Originally begun as a hard rock/prog rock outfit, Mariah’s music focused on jazz interludes strung together with prototypical 1980s rock and pop. The music varied quite a bit from the harder rocking “Marginal Love” to the progressive leaning “Black Mariah.” Prior to Utakata, they had released three albums, Mariah, Yen Tricks, and Marginal Love. However, the advancement of originality on Utakata is unparalleled in the band’s history.

Shimizu went back to the drawing board after the lead singer, Satoshi Jimmy Murakami left the band. The approach became more organic––more natural. The band incorporated people they were already hanging out with at the Mariah offices. The artwork was produced by the manga artist and friend of Shimizu’s, Yla Okudaira, who worked out of Mariah’s office.

Another vital addition, according to Shimizu in a recent interview, was the addition of Aki Ikuta as co-producer. Until Utakata No Hibi, Ikuta mainly focused on management and “playing in and coordinating jazz sessions.”

He invited artist and wife of Mariah bassist Morio Watanabe, Seta Evanian, to write Armenian lyrics for various songs on the album. These were sung by her friend and visual artist, Julie Fowell, and as Shimizu recalled in an interview with Red Bull Music Academy, “I remember the inspiration that flowed through me when we were collaborating, the feeling of an eternal breeze brushing your cheek.”

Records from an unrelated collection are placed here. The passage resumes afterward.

definition gmap :: "boundary \<Rightarrow> nat \<Rightarrow> nat \<Rightarrow> (nat list \<Rightarrow> nat) \<Rightarrow> nat list \<Rightarrow> nat list" where
  "gmap b l r f xs =
     map (\<lambda>i. f (map (\<lambda>d. cell b xs (int i - int l + int d)) [0..<l + 1 + r]))
         [0..<length xs]"

definition n_cell_reversible ::
  "boundary \<Rightarrow> nat \<Rightarrow> nat \<Rightarrow> nat \<Rightarrow> (nat list \<Rightarrow> nat) \<Rightarrow> nat \<Rightarrow> bool" where
  "n_cell_reversible b s l r f n = bij_betw (gmap b l r f) (words s n) (words s n)"

definition rg_value :: "'v \<Rightarrow> ('v \<Rightarrow> nat \<Rightarrow> 'v) \<Rightarrow> nat set \<Rightarrow> 'v \<Rightarrow> nat \<Rightarrow> bool" where
  "rg_value N0 \<delta> S N k \<longleftrightarrow>
     (\<exists>w. set w \<subseteq> S \<and> length w = k \<and> foldl \<delta> N0 w = N) \<and>
     (\<forall>w. set w \<subseteq> S \<and> foldl \<delta> N0 w = N \<longrightarrow> k \<le> length w)"

definition neg_loop_vertex ::
  "'a set \<Rightarrow> 'a set \<Rightarrow> ('a set \<Rightarrow> nat \<Rightarrow> 'a set) \<Rightarrow> nat set \<Rightarrow> 'a set \<Rightarrow> nat \<Rightarrow> bool" where
  "neg_loop_vertex N0 R \<delta> S N k \<longleftrightarrow>
     rg_value N0 \<delta> S N k \<and> N \<inter> R = {} \<and> (\<exists>c\<in>S. \<delta> N c = N)"

definition rg_root_null :: "nat \<Rightarrow> nat \<Rightarrow> nat \<Rightarrow> nat list set" where
  "rg_root_null s l r = {a \<in> words s (l + r). \<forall>i<l. a ! i = 0}"

definition rg_acc_null :: "nat \<Rightarrow> nat \<Rightarrow> nat \<Rightarrow> nat list set" where
  "rg_acc_null s l r = {a \<in> words s (l + r). \<forall>i<l + r. l \<le> i \<longrightarrow> a ! i = 0}"

definition rg_delta_null ::
  "nat \<Rightarrow> nat \<Rightarrow> nat \<Rightarrow> (nat list \<Rightarrow> nat) \<Rightarrow> nat list set \<Rightarrow> nat \<Rightarrow> nat list set" where
  "rg_delta_null s l r f N c =
     {a \<in> words s (l + r). \<exists>a0\<in>states s. (a0 # butlast a) \<in> N \<and> f (a0 # a) = c}"

definition rg_root_per :: "nat \<Rightarrow> nat \<Rightarrow> nat \<Rightarrow> (nat list \<times> nat list) set" where
  "rg_root_per s l r = {(a, a) | a. a \<in> words s (l + r)}"

definition rg_delta_per ::
  "nat \<Rightarrow> nat \<Rightarrow> nat \<Rightarrow> (nat list \<Rightarrow> nat) \<Rightarrow> (nat list \<times> nat list) set \<Rightarrow> nat
     \<Rightarrow> (nat list \<times> nat list) set" where
  "rg_delta_per s l r f N c =
     {(a, b) | a b. a \<in> words s (l + r) \<and> b \<in> words s (l + r) \<and>
        (\<exists>b0\<in>states s. (a, b0 # butlast b) \<in> N \<and> f (b0 # b) = c)}"

end

theory Submission
  imports Defs
begin

text \<open>For a configuration \<open>x\<close> of length \<open>n\<close>, reading \<open>\<tau>\<^sub>n(x)\<close> from the root of the
  reversibility graph keeps the window \<open>x(t - l), \<dots>, x(t + r - 1)\<close> (paired with the initial window in
  the periodic case) inside the vertex reached after \<open>t\<close> letters; after all \<open>n\<close> letters this
  window is accepting. So every word in the image of \<open>\<tau>\<^sub>n\<close> ends in a non-negative vertex.
  On the other hand, a shortest word of length \<open>k\<close> leading to the negative vertex \<open>N\<close>, padded
  with \<open>n - k\<close> copies of the loop label, is a word of length \<open>n\<close> ending in \<open>N\<close>; hence \<open>\<tau>\<^sub>n\<close>
  is not surjective.\<close>

definition window :: "boundary \<Rightarrow> nat list \<Rightarrow> int \<Rightarrow> nat \<Rightarrow> nat list" where
  "window b xs t L = map (\<lambda>d. cell b xs (t + int d)) [0..<L]"

lemma length_window [simp]: "length (window b xs t L) = L"
  by (simp add: window_def)

lemma nth_window [simp]: "i < L \<Longrightarrow> window b xs t L ! i = cell b xs (t + int i)"
  by (simp add: window_def)

lemma window_Suc: "window b xs t (Suc L) = cell b xs t # window b xs (t + 1) L"
  by (rule nth_equalityI) (auto simp: nth_Cons' algebra_simps)

lemma cell_Cons_butlast_window:
  "L \<ge> 1 \<Longrightarrow> cell b xs t # butlast (window b xs (t + 1) L) = window b xs t L"
  by (rule nth_equalityI) (auto simp: nth_Cons' nth_butlast algebra_simps)

lemma window_Periodic_shift:
  "window Periodic xs (t + int (length xs)) L = window Periodic xs t L"
proof (rule nth_equalityI)
  fix i
  have "(t + int (length xs) + int i) mod int (length xs) = (t + int i) mod int (length xs)"
    by (metis add.commute add.left_commute mod_add_self2)
  then show "window Periodic xs (t + int (length xs)) L ! i = window Periodic xs t L ! i"
    if "i < length (window Periodic xs (t + int (length xs)) L)"
    using that by (simp add: cell_def)
qed simp

lemma length_gmap [simp]: "length (gmap b l r f xs) = length xs"
  by (simp add: gmap_def)

lemma nth_gmap:
  "i < length xs \<Longrightarrow>
     gmap b l r f xs ! i = f (cell b xs (int i - int l) # window b xs (int i - int l + 1) (l + r))"
proof -
  assume "i < length xs"
  then have "gmap b l r f xs ! i = f (window b xs (int i - int l) (Suc (l + r)))"
    by (simp add: gmap_def window_def)
  then show ?thesis
    by (simp add: window_Suc)
qed

lemma cell_in_states:
  assumes "xs \<in> words s n" and "n \<ge> 1"
  shows "cell b xs j \<in> states s"
proof (cases b)
  case Null
  have "0 < length xs" "set xs \<subseteq> states s"
    using assms by (auto simp: words_def)
  then have "xs ! 0 \<in> states s"
    by (meson nth_mem subsetD)
  then have "0 \<in> states s"
    by (simp add: states_def)
  with assms Null show ?thesis
    by (auto simp: cell_def words_def subset_iff)
next
  case Periodic
  have "nat (j mod int n) < n"
    using assms by (simp add: nat_less_iff)
  with assms Periodic show ?thesis
    by (auto simp: cell_def words_def subset_iff)
qed

lemma window_in_words:
  "xs \<in> words s n \<Longrightarrow> n \<ge> 1 \<Longrightarrow> window b xs t L \<in> words s L"
  using cell_in_states[of xs s n b] by (auto simp: words_def window_def)

lemma foldl_take_Suc:
  "t < length ys \<Longrightarrow> foldl \<delta> N (take (Suc t) ys) = \<delta> (foldl \<delta> N (take t ys)) (ys ! t)"
  by (simp add: take_Suc_conv_app_nth)

lemma foldl_replicate_fixpoint: "\<delta> N c = N \<Longrightarrow> foldl \<delta> N (replicate j c) = N"
  by (induction j) auto

lemma rg_null_run_contains_window:
  assumes xs: "xs \<in> words s n" and n: "n \<ge> 1" and lr: "l + r \<ge> 1" and t: "t \<le> n"
  shows "window Null xs (int t - int l) (l + r)
           \<in> foldl (rg_delta_null s l r f) (rg_root_null s l r) (take t (gmap Null l r f xs))"
  using t
proof (induction t)
  case 0
  then show ?case
    using window_in_words[OF xs n] by (auto simp: rg_root_null_def cell_def)
next
  case (Suc t)
  let ?run = "foldl (rg_delta_null s l r f) (rg_root_null s l r) (take t (gmap Null l r f xs))"
  let ?w = "window Null xs (int t - int l + 1) (l + r)"
  have t: "t < length xs"
    using Suc.prems xs by (simp add: words_def)
  have "cell Null xs (int t - int l) # butlast ?w \<in> ?run"
    using Suc cell_Cons_butlast_window[OF lr, of Null xs "int t - int l"] by simp
  moreover have "f (cell Null xs (int t - int l) # ?w) = gmap Null l r f xs ! t"
    using nth_gmap[OF t] by simp
  ultimately have "?w \<in> rg_delta_null s l r f ?run (gmap Null l r f xs ! t)"
    unfolding rg_delta_null_def
    using window_in_words[OF xs n] cell_in_states[OF xs n] by blast
  then show ?case
    using t by (simp add: foldl_take_Suc algebra_simps)
qed

lemma rg_null_run_accepting:
  assumes xs: "xs \<in> words s n" and n: "n \<ge> 1" and lr: "l + r \<ge> 1"
  shows "foldl (rg_delta_null s l r f) (rg_root_null s l r) (gmap Null l r f xs)
           \<inter> rg_acc_null s l r \<noteq> {}"
proof -
  have len: "length xs = n"
    using xs by (simp add: words_def)
  have "window Null xs (int n - int l) (l + r)
          \<in> foldl (rg_delta_null s l r f) (rg_root_null s l r) (gmap Null l r f xs)"
    using rg_null_run_contains_window[OF xs n lr order.refl] len by simp
  moreover have "window Null xs (int n - int l) (l + r) \<in> rg_acc_null s l r"
    using window_in_words[OF xs n] len by (auto simp: rg_acc_null_def cell_def)
  ultimately show ?thesis
    by blast
qed

lemma rg_per_run_contains_window:
  assumes xs: "xs \<in> words s n" and n: "n \<ge> 1" and lr: "l + r \<ge> 1" and t: "t \<le> n"
  shows "(window Periodic xs (- int l) (l + r), window Periodic xs (int t - int l) (l + r))
           \<in> foldl (rg_delta_per s l r f) (rg_root_per s l r) (take t (gmap Periodic l r f xs))"
  using t
proof (induction t)
  case 0
  then show ?case
    using window_in_words[OF xs n] by (simp add: rg_root_per_def)
next
  case (Suc t)
  let ?run = "foldl (rg_delta_per s l r f) (rg_root_per s l r) (take t (gmap Periodic l r f xs))"
  let ?w_init = "window Periodic xs (- int l) (l + r)"
  let ?w = "window Periodic xs (int t - int l + 1) (l + r)"
  have t: "t < length xs"
    using Suc.prems xs by (simp add: words_def)
  have "(?w_init, cell Periodic xs (int t - int l) # butlast ?w) \<in> ?run"
    using Suc cell_Cons_butlast_window[OF lr, of Periodic xs "int t - int l"] by simp
  moreover have "f (cell Periodic xs (int t - int l) # ?w) = gmap Periodic l r f xs ! t"
    using nth_gmap[OF t] by simp
  ultimately have "(?w_init, ?w) \<in> rg_delta_per s l r f ?run (gmap Periodic l r f xs ! t)"
    unfolding rg_delta_per_def
    using window_in_words[OF xs n] cell_in_states[OF xs n] by blast
  then show ?case
    using t by (simp add: foldl_take_Suc algebra_simps)
qed

lemma rg_per_run_accepting:
  assumes xs: "xs \<in> words s n" and n: "n \<ge> 1" and lr: "l + r \<ge> 1"
  shows "foldl (rg_delta_per s l r f) (rg_root_per s l r) (gmap Periodic l r f xs)
           \<inter> rg_root_per s l r \<noteq> {}"
proof -
  let ?w_init = "window Periodic xs (- int l) (l + r)"
  have len: "length xs = n"
    using xs by (simp add: words_def)
  have "window Periodic xs (int n - int l) (l + r) = ?w_init"
    using window_Periodic_shift[of xs "- int l" "l + r"] len by (simp add: algebra_simps)
  then have "(?w_init, ?w_init) \<in> foldl (rg_delta_per s l r f) (rg_root_per s l r) (gmap Periodic l r f xs)"
    using rg_per_run_contains_window[OF xs n lr order.refl] len by simp
  moreover have "(?w_init, ?w_init) \<in> rg_root_per s l r"
    using window_in_words[OF xs n] by (simp add: rg_root_per_def)
  ultimately show ?thesis
    by blast
qed

lemma neg_loop_vertex_not_surjective:
  assumes "neg_loop_vertex N0 R \<delta> (states s) N k"
    and accepting: "\<And>xs. xs \<in> A \<Longrightarrow> foldl \<delta> N0 (g xs) \<inter> R \<noteq> {}"
    and "k \<le> n"
  shows "\<not> words s n \<subseteq> g ` A"
proof
  obtain w c where w: "set w \<subseteq> states s" "length w = k" "foldl \<delta> N0 w = N"
    and negative: "N \<inter> R = {}" and loop: "c \<in> states s" "\<delta> N c = N"
    using assms(1) unfolding neg_loop_vertex_def rg_value_def by blast
  define y where "y = w @ replicate (n - k) c"
  assume "words s n \<subseteq> g ` A"
  moreover have "y \<in> words s n"
    using w loop \<open>k \<le> n\<close> by (auto simp: y_def words_def)
  ultimately obtain xs where "xs \<in> A" "g xs = y"
    by blast
  moreover have "foldl \<delta> N0 y = N"
    using w loop by (simp add: y_def foldl_replicate_fixpoint)
  ultimately show False
    using accepting negative by metis
qed

theorem corollary1:
  fixes b :: boundary and s l r k :: nat and f :: "nat list \<Rightarrow> nat"
  assumes "s \<ge> 1"
    and "l + 1 + r \<ge> 2"
    and "\<forall>xs \<in> words s (l + 1 + r). f xs \<in> states s"
    and "k \<ge> 1"
    and "case b of
           Null \<Rightarrow> (\<exists>N. neg_loop_vertex (rg_root_null s l r) (rg_acc_null s l r)
                             (rg_delta_null s l r f) (states s) N k)
         | Periodic \<Rightarrow> (\<exists>N. neg_loop_vertex (rg_root_per s l r) (rg_root_per s l r)
                             (rg_delta_per s l r f) (states s) N k)"
  shows "\<forall>n \<ge> k. \<not> n_cell_reversible b s l r f n"
proof (intro allI impI)
  fix n assume "k \<le> n"
  then have n: "n \<ge> 1" and lr: "l + r \<ge> 1"
    using assms(2,4) by simp_all
  have "\<not> words s n \<subseteq> gmap b l r f ` words s n"
  proof (cases b)
    case Null
    with assms(5) obtain N where "neg_loop_vertex (rg_root_null s l r) (rg_acc_null s l r)
                                    (rg_delta_null s l r f) (states s) N k"
      by auto
    then show ?thesis
      unfolding Null
      by (rule neg_loop_vertex_not_surjective[OF _ rg_null_run_accepting[OF _ n lr] \<open>k \<le> n\<close>])
  next
    case Periodic
    with assms(5) obtain N where "neg_loop_vertex (rg_root_per s l r) (rg_root_per s l r)
                                    (rg_delta_per s l r f) (states s) N k"
      by auto
    then show ?thesis
      unfolding Periodic
      by (rule neg_loop_vertex_not_surjective[OF _ rg_per_run_accepting[OF _ n lr] \<open>k \<le> n\<close>])
  qed
  then show "\<not> n_cell_reversible b s l r f n"
    by (auto simp: n_cell_reversible_def bij_betw_def)
qed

The music itself exemplifies this breeziness. It flows effortlessly and from a place of great passion. The incorporation of such seemingly disparate genres as jazz, Armenian, Asian, African, pop, disco, and new wave among others, so fluidly and with so few missteps is a testament to the openness of the recording sessions and the creative process.

“Hana Ga Saitara” bounces along, boosted by electronic burbles, yelps of saxophone, lively bass, and group vocals that at one point are spoken through what sounds like a megaphone. The effect is at once a feeling both recognizable yet completely unique.

The standout piece, “Shinzo No Tobira,” leans heavily on echoed drums, thumping bass, synth-pop keys, and gorgeous, off-kilter vocals by Fowell.

Utakata would sadly be the last record released by Mariah. The band went their separate ways shortly after its release. It’s hard to say where their music would have gone after this album––if it’s even possible to expand on such a sound as was already presented here. Shimizu, for his part, would go on to create numerous fantastic solo records, not in the least Kakashi.

However, regardless of the finality of Mariah, there is so much to mine here that after hundreds of listens, I’m still finding new phrases, new sounds, new images I hadn’t heard before. That is the beauty of this record. And that they accomplished this with such seemingly casualness only adds to its status as a hidden gem of the 1980s.